The restoration of the windows had been entrusted, after a public competition, to M. Henri Gérante, a French artist who, more than any other, has contributed to the resurrection of the seemingly lost art of painting on glass. But, unhappily, M. Gérante died before beginning his work, which, thereupon, was divided between M. Steintheil, for the {267} drawing and painting, and M. Lusson for the material preparation. Their labours were crowned with the most complete success. Entering the Holy Chapel one is literally dazzled by the bright rich colours from the windows on all sides, blending together in the most harmonious manner.

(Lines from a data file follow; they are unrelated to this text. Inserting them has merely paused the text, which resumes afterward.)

(* Let $n\ge3$, $2\le i\le n-1$, $\mathfrak g=\mathfrak{sp}(n,\mathbb C)$, $\mathfrak q$ of type $C_n(i)$, $\mu=\varepsilon_1+\varepsilon_{i+1}$, $\epsilon_\gamma=\varepsilon_2-\varepsilon_{i+1}$. Then $\mathrm{pr}_{\mathfrak l_\gamma\otimes\mathfrak z(\mathfrak n)}(\tau_2(X_\mu+X_{\epsilon_\gamma}))$ is a highest weight vector for $V(\mu+\epsilon_\gamma)$, the irreducible $\mathfrak l$-submodule of $\mathfrak l_\gamma\otimes\mathfrak z(\mathfrak n)$ with highest weight $\mu+\epsilon_\gamma=\varepsilon_1+\varepsilon_2$.
   Context: $\mathfrak g=\mathfrak{sp}(n,\mathbb C)\subset\mathfrak{gl}(2n,\mathbb C)$; $\hat j=j+n$, $E_{ab}$ matrix units. Cartan $\mathfrak h$ = matrices $\sum_j h_j(E_{jj}-E_{\hat j\hat j})$, $\varepsilon_j$ picks $h_j$. Roots $\pm\varepsilon_j\pm\varepsilon_k$ ($j<k$), $\pm2\varepsilon_j$; positive system with simple roots $\alpha_j=\varepsilon_j-\varepsilon_{j+1}$ ($j<n$), $\alpha_n=2\varepsilon_n$. Root vectors: $X_{\varepsilon_j-\varepsilon_k}=E_{jk}-E_{\hat k\hat j}$ ($j\ne k$), $X_{\varepsilon_j+\varepsilon_k}=E_{j\hat k}+E_{k\hat j}$, $X_{-(\varepsilon_j+\varepsilon_k)}=E_{\hat jk}+E_{\hat kj}$, $X_{2\varepsilon_j}=E_{j\hat j}$, $X_{-2\varepsilon_j}=E_{\hat jj}$. Killing form $\kappa=c_0\mathrm{Tr}(XY)$, $c_0>0$. $\mathfrak q=\mathfrak l\oplus\mathfrak n$ is the standard maximal parabolic subalgebra determined by $\alpha_i$; grading $\mathfrak g=\bigoplus_{j=-2}^2\mathfrak g(j)$ by the $\alpha_i$-coefficient, $\mathfrak l=\mathfrak g(0)$, $\Delta(\mathfrak g(1))=\{\varepsilon_j\pm\varepsilon_k:1\le j\le i<k\le n\}$, $\mathfrak z(\mathfrak n)=\mathfrak g(2)$ with roots $\varepsilon_j+\varepsilon_k$ ($j<k\le i$), $2\varepsilon_j$ ($j\le i$). $\mathfrak l=\mathfrak z(\mathfrak l)\oplus\mathfrak l_\gamma\oplus\mathfrak l_{n\gamma}$ with $\mathfrak l_\gamma\cong\mathfrak{sl}(i,\mathbb C)$ (simple roots $\alpha_1,\dots,\alpha_{i-1}$) and $\mathfrak l_{n\gamma}\cong\mathfrak{sp}(n-i,\mathbb C)$ (simple roots $\alpha_{i+1},\dots,\alpha_n$); $\mathrm{pr}_{\mathfrak l_\gamma\otimes\mathfrak z(\mathfrak n)}$ is the projection of $\mathfrak l\otimes\mathfrak z(\mathfrak n)$ onto $\mathfrak l_\gamma\otimes\mathfrak z(\mathfrak n)$ along this decomposition; $\mathfrak l$ acts on tensor products by the usual tensor product action. Highest weight vector means a weight vector of weight $\mu+\epsilon_\gamma$ annihilated by all $X_\alpha$, $\alpha\in\Pi\setminus\{\alpha_i\}$. $\omega=\frac1{c_0}\sum_{j=1}^iX_{-2\varepsilon_j}\otimes X_{2\varepsilon_j}+\frac1{2c_0}\sum_{1\le j<k\le i}X_{-(\varepsilon_j+\varepsilon_k)}\otimes X_{\varepsilon_j+\varepsilon_k}$ and $\tau_2(X)=\tfrac12(\mathrm{ad}(X)^2\otimes\mathrm{Id})\omega$ for $X\in\mathfrak g(1)$. *)

theory Defs
  imports Complex_Main
begin

text \<open>Matrices in gl(2n,C) are functions cmat, with rows/columns
indexed by 1..2n; the hat of j is j+n. A tensor in gl(2n)\<otimes>gl(2n) is represented by its
coefficient array: T a b c d is the coefficient of E_ab \<otimes> E_cd.\<close>

type_synonym cmat = "nat \<Rightarrow> nat \<Rightarrow> complex"
type_synonym ctens = "nat \<Rightarrow> nat \<Rightarrow> nat \<Rightarrow> nat \<Rightarrow> complex"

definition mmul :: "nat \<Rightarrow> cmat \<Rightarrow> cmat \<Rightarrow> cmat" where
  "mmul n A B = (\<lambda>a b. \<Sum>c\<in>{1..2*n}. A a c * B c b)"

definition madd :: "cmat \<Rightarrow> cmat \<Rightarrow> cmat" where
  "madd A B = (\<lambda>a b. A a b + B a b)"

definition msub :: "cmat \<Rightarrow> cmat \<Rightarrow> cmat" where
  "msub A B = (\<lambda>a b. A a b - B a b)"

definition Eunit :: "nat \<Rightarrow> nat \<Rightarrow> cmat" where
  "Eunit a b = (\<lambda>p q. if p = a \<and> q = b then 1 else 0)"

definition ad :: "nat \<Rightarrow> cmat \<Rightarrow> cmat \<Rightarrow> cmat" where
  "ad n X Y = msub (mmul n X Y) (mmul n Y X)"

Right and left of the nave the place is shown where Saint Louis and Blanche de Castille were accustomed to sit opposite one another to hear mass and other religious services. A corner, moreover, is pointed out, with an iron network before it, where, according to a doubtful tradition, the suspicious Louis XI. used to retire in order to hear mass without being seen; perhaps also to watch the faithful at their prayers. In many an old French church corners and passages may be met with, protected by a network or simply by rails, which served, it is said, to shut off lepers from the general congregation.
Closely associated with the Palais de Justice is the Tribunal of Commerce, which has its own code, its own judges and functionaries. Three centuries ago the necessity was recognised in France of leaving commercial and industrial cases to the decision of men competent, from their occupation, to deal with such matters. Paris owes its Tribunal of Commerce to King Charles IX.; but the code under which issues are now decided dates only from September, 1807—from the First Empire, that is to say. The commercial judges are named for two years by the merchants and tradesmen domiciled in the department of the Seine. Formerly the Tribunal of Commerce, or Consular Tribunal, held its sittings at the back of the Church of Saint-Méry in the Hôtel des Consuls, the gate of which used to support a statue of Louis XIV., by Simon Guilain.